** EXERCISE BRIEF **
Write out, word for word, only the data from its first line to the line containing "P H i \<le>".

** DATASET ENTRIES **
lemma stepv_nonterm_prob:
  assumes P: "substochastic P"
  shows "stepv P (nonterm_prob P) i = nonterm_prob P i"
proof -
  have lim: "(\<lambda>k. (stepv P ^^ k) (\<lambda>_. 1) j) \<longlonglongrightarrow> nonterm_prob P j" for j
    by (rule survival_tendsto_nonterm_prob[OF P])
  have "(\<lambda>k. \<Sum>j\<in>UNIV. P i j * (stepv P ^^ k) (\<lambda>_. 1) j) \<longlonglongrightarrow> stepv P (nonterm_prob P) i"
    unfolding stepv_def[of P "nonterm_prob P"] by (intro tendsto_intros lim)
  moreover have "(\<lambda>k. \<Sum>j\<in>UNIV. P i j * (stepv P ^^ k) (\<lambda>_. 1) j) = (\<lambda>k. (stepv P ^^ Suc k) (\<lambda>_. 1) i)"
    by (simp add: stepv_def)
  ultimately show ?thesis
    using LIMSEQ_unique[OF _ LIMSEQ_Suc[OF lim[of i]]] by metis
qed

lemma partial_sums_bdd_below:
  assumes P: "substochastic P" and H: "\<And>i. H i - stepv P H i \<le> f i"
  shows "\<exists>B. \<forall>t i. B \<le> (\<Sum>k\<le>t. (stepv P ^^ k) f i)"
proof -
  define B where "B = (\<Sum>j\<in>UNIV. \<bar>H j\<bar>)"
  have HB: "\<bar>H j\<bar> \<le> B" for j
    unfolding B_def by (rule abs_le_sum_abs)
  have "- 2 * B \<le> (\<Sum>k\<le>t. (stepv P ^^ k) f i)" for t i
  proof -
    have "H i - (stepv P ^^ Suc t) H i = (\<Sum>k<Suc t. (stepv P ^^ k) (\<lambda>i. H i - stepv P H i) i)"
      by (rule funpow_stepv_telescope[symmetric])
    also have "\<dots> \<le> (\<Sum>k\<le>t. (stepv P ^^ k) f i)"
      unfolding lessThan_Suc_atMost
      by (intro sum_mono funpow_stepv_mono H substochastic_nonneg[OF P])
    moreover have "\<bar>(stepv P ^^ Suc t) H i\<bar> \<le> B"
      by (rule funpow_stepv_abs_le[OF P HB])
    ultimately show ?thesis
      using HB[of i] by linarith
  qed
  then show ?thesis by blast
qed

** EXERCISE RESULT **
lemma stepv_nonterm_prob:
  assumes P: "substochastic P"
  shows "stepv P (nonterm_prob P) i = nonterm_prob P i"
proof -
  have lim: "(\<lambda>k. (stepv P ^^ k) (\<lambda>_. 1) j) \<longlonglongrightarrow> nonterm_prob P j" for j
    by (rule survival_tendsto_nonterm_prob[OF P])
  have "(\<lambda>k. \<Sum>j\<in>UNIV. P i j * (stepv P ^^ k) (\<lambda>_. 1) j) \<longlonglongrightarrow> stepv P (nonterm_prob P) i"
    unfolding stepv_def[of P "nonterm_prob P"] by (intro tendsto_intros lim)
  moreover have "(\<lambda>k. \<Sum>j\<in>UNIV. P i j * (stepv P ^^ k) (\<lambda>_. 1) j) = (\<lambda>k. (stepv P ^^ Suc k) (\<lambda>_. 1) i)"
    by (simp add: stepv_def)
  ultimately show ?thesis
    using LIMSEQ_unique[OF _ LIMSEQ_Suc[OF lim[of i]]] by metis
qed

lemma partial_sums_bdd_below:
  assumes P: "substochastic P" and H: "\<And>i. H i - stepv P H i \<le> f i"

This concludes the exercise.